Pause/Resume¶
Flexium provides pause and resume capabilities for long-running training jobs.
Overview¶
Training jobs can be paused at any point and resumed later, whether on the same GPU or a different GPU on the same machine.
How It Works¶
- Pause - You trigger pause via the dashboard
- GPU State Captured - Flexium captures the complete GPU state at driver level
- GPU Freed - GPU memory is completely released (0 MB residue)
- Resume - You trigger resume via the dashboard
- Training Continues - Training continues from the exact point it was paused
Dashboard Display¶
When a process is paused: - Status shows "Paused" with a distinctive badge - Memory displays the last known memory usage before pause (not 0) - Runtime continues to track total training time (not reset)
This allows you to see at a glance how much GPU memory will be needed when resuming.
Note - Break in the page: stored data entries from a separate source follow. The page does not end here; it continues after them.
lemma swap_inv_swapped_chord_long:
  assumes inv: "swap_inv D x cnt" and p: "(p,ep) \<in> D" "ep \<in> E" "p < x"
    and nearest: "\<And>s e. (s,e) \<in> D \<Longrightarrow> e \<in> E \<Longrightarrow> s < x \<Longrightarrow> s \<le> p"
  shows "x + k + 1 \<le> ep"
proof (cases "x = p + 1")
  case True
  have "\<And>s e. (s,e) \<in> D \<Longrightarrow> e \<in> E \<Longrightarrow> s < x \<Longrightarrow> s + k + 2 \<le> e"
    using inv unfolding swap_inv_def by blast
  then have "p + k + 2 \<le> ep" using p .
  then show ?thesis using True by simp
next
  case False
  have "is_diagram (n+1) D" using inv unfolding swap_inv_def by blast
  then have "1 \<le> p" using p(1) by (rule is_diagram_chordD(2))
  \<comment> \<open>The point just left of the new chord does not start an \<open>S_C\<close>-chord, so it starts a chord
    ending in M; such starts are at most \<open>2(n-k)\<close>.\<close>
  have "\<not> (\<exists>e\<in>E. (x - 1, e) \<in> D)"
  proof
    assume "\<exists>e\<in>E. (x - 1, e) \<in> D"
    then obtain e where "e \<in> E" "(x - 1, e) \<in> D" by blast
    then have "x - 1 \<le> p" using nearest[of "x - 1" e] p(3) by simp
    then show False using False p(3) by linarith
  qed
  moreover have "1 \<le> x - 1" "x - 1 < x" using \<open>1 \<le> p\<close> p(3) False by linarith+
  ultimately have "x - 1 \<in> fst ` L" using swap_inv_left_point[OF inv] by blast
  then obtain b where "(x - 1, b) \<in> L" by force
  then have "x \<le> 2*(n-k) + 1" using left_chord_start_le by force
  then show ?thesis using E_ge[OF p(2)] k_le_n by linarith
qed

lemma swap_inv_step:
  assumes inv: "swap_inv D x cnt" and "0 < cnt"
  obtains x' where "swap_inv (swap_step E e0 D) x' (cnt - 1)"
proof -
  obtain p ep where p: "(p,ep) \<in> D" "ep \<in> E" "p < x"
    and nearest: "\<And>s e. (s,e) \<in> D \<Longrightarrow> e \<in> E \<Longrightarrow> s < x \<Longrightarrow> s \<le> p"
    using swap_inv_nearest_S_chord[OF assms] by blast
  have D: "is_diagram (n+1) D" and x: "(x,e0) \<in> D" "x \<le> k+1"
    and cnt: "card {d \<in> D. snd d \<in> E \<and> fst d < x} = cnt"
    using inv unfolding swap_inv_def by blast+
  have e0: "e0 \<notin> E" using E_ge by fastforce
  have long: "x + k + 1 \<le> ep" using swap_inv_swapped_chord_long[OF inv p nearest] .
  let ?D = "D - {(x,e0),(p,ep)} \<union> {(p,e0),(x,ep)}"
  have "swap_step E e0 D = ?D" using swap_step_eq[OF D x(1) p nearest] .
  moreover have "is_diagram (n+1) ?D"
    using is_diagram_swap[OF D x(1) p(1)] p(3) is_diagram_chordD(1)[OF D x(1)] long by simp
  moreover have "{d \<in> ?D. snd d \<in> E \<and> fst d < p} = {d \<in> D. snd d \<in> E \<and> fst d < p}"
    using e0 p(3) by auto
  moreover have "card {d \<in> D. snd d \<in> E \<and> fst d < p} = cnt - 1"
    using card_starts_before_nearest[OF D p nearest] cnt by simp
  ultimately have "swap_inv (swap_step E e0 D) p (cnt - 1)"
    using inv p e0 long unfolding swap_inv_def by auto
  then show ?thesis using that by blast
qed

lemma swap_inv_final:
  assumes inv: "swap_inv D x i" and "i \<le> n - k"
  shows "D \<in> K (k+1) (n+1)"
proof -
  have D: "is_diagram (n+1) D" and x: "(x,e0) \<in> D" "x \<le> k+1"
    and cnt: "card {d \<in> D. snd d \<in> E \<and> fst d < x} = i"
    and S_long: "\<And>s e. (s,e) \<in> D \<Longrightarrow> e \<in> E \<Longrightarrow> s + k + 1 \<le> e"
    and old: "\<And>s e. (s,e) \<in> D \<Longrightarrow> e \<notin> E \<Longrightarrow> e \<noteq> e0 \<Longrightarrow> (s,e) \<in> D0"
    using inv unfolding swap_inv_def by blast+
  have "{1..x-1} \<subseteq> fst ` {d \<in> D. snd d \<in> E \<and> fst d < x} \<union> fst ` L"
  proof
    fix q assume "q \<in> {1..x-1}"
    then have q: "1 \<le> q" "q < x" by auto
    from swap_inv_left_point[OF inv q] consider e where "e \<in> E" "(q,e) \<in> D" | "q \<in> fst ` L"
      by blast
    then show "q \<in> fst ` {d \<in> D. snd d \<in> E \<and> fst d < x} \<union> fst ` L"
    proof cases
      case 1
      then have "(q,e) \<in> {d \<in> D. snd d \<in> E \<and> fst d < x}" using q(2) by simp
      then show ?thesis by (intro UnI1 image_eqI[of _ fst "(q,e)"]) simp_all
    qed (rule UnI2)
  qed
  then have "card {1..x-1} \<le> card {d \<in> D. snd d \<in> E \<and> fst d < x} + card L"
    by (rule card_le_card_image_Un) (use is_diagram_finite[OF D] finite_chord_classes in auto)
  then have "x + k + 1 \<le> e0" using cnt card_L_le assms(2) double_gap_le k_le_n by simp
  have "s + k + 1 \<le> e" if "(s,e) \<in> D" for s e
  proof -
    consider "e \<in> E" | "e = e0" | "e \<notin> E" "e \<noteq> e0" by blast
    then show ?thesis
    proof cases
      case 2
      then have "s = x" using is_diagram_chord_unique[OF D that x(1), of e] by simp
      then show ?thesis using 2 \<open>x + k + 1 \<le> e0\<close> by simp
    next
      case 3
      then show ?thesis using old[OF that 3] initial_other_chord(1) by blast
    qed (use S_long that in blast)
  qed
  then show ?thesis using D unfolding K_def by force
qed

lemma alpha_in_K:
  assumes "i \<le> n - k"
  shows "alpha n k i C \<in> K (k+1) (n+1)"
proof -
  let ?m = "card {d \<in> D0. snd d \<in> E \<and> fst d < k+1}"
  have "i \<le> ?m" using assms card_S_ge card_S_le_initial_count by linarith
  have "\<exists>x. swap_inv ((swap_step E e0 ^^ (?m - i)) D0) x (?m - (?m - i))"
  proof (rule funpow_countdown_invariant[where P = "\<lambda>D c. \<exists>x. swap_inv D x c"])
    fix D c assume "\<exists>x. swap_inv D x c" and "0 < c"
    then show "\<exists>x. swap_inv (swap_step E e0 D) x (c - 1)" using swap_inv_step by metis
  qed (use swap_inv_initial in auto)
  then obtain x where "swap_inv (alpha n k i C) x i"
    using \<open>i \<le> ?m\<close> unfolding alpha_def Let_def E_def[symmetric] by auto
  then show ?thesis using swap_inv_final assms by blast
qed

end

theorem lemma4:
  fixes n k i :: nat
  assumes "0 < k" and "k \<le> n" and "3 * (n - k) \<le> n" and "i \<le> n - k"
    and "C \<in> K k n"
  shows "alpha n k i C \<in> K (k+1) (n+1)"
proof -
  interpret long_chord_diagram n k C using assms(2,3,5) by unfold_locales
  show ?thesis using assms(4) by (rule alpha_in_K)
qed

end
Auto-Resume on Disconnect¶
If connection to Flexium is lost while a process is paused, Flexium will:
- Attempt to reconnect for up to 5 minutes
- If reconnection fails, automatically resume training on the last-used device
- Continue running in "local mode"
- Automatically reconnect when connection is restored
This ensures your paused training jobs don't hang indefinitely.
Use Cases¶
- Resource Sharing - Temporarily yield GPU for higher-priority jobs
- Maintenance - Safely pause for system updates
Usage¶
import flexium.auto
with flexium.auto.run():
# Your training code
train_model()
# Pause/resume is triggered via the dashboard
Pause and resume are triggered through the web dashboard - there is no manual API for pausing within your code.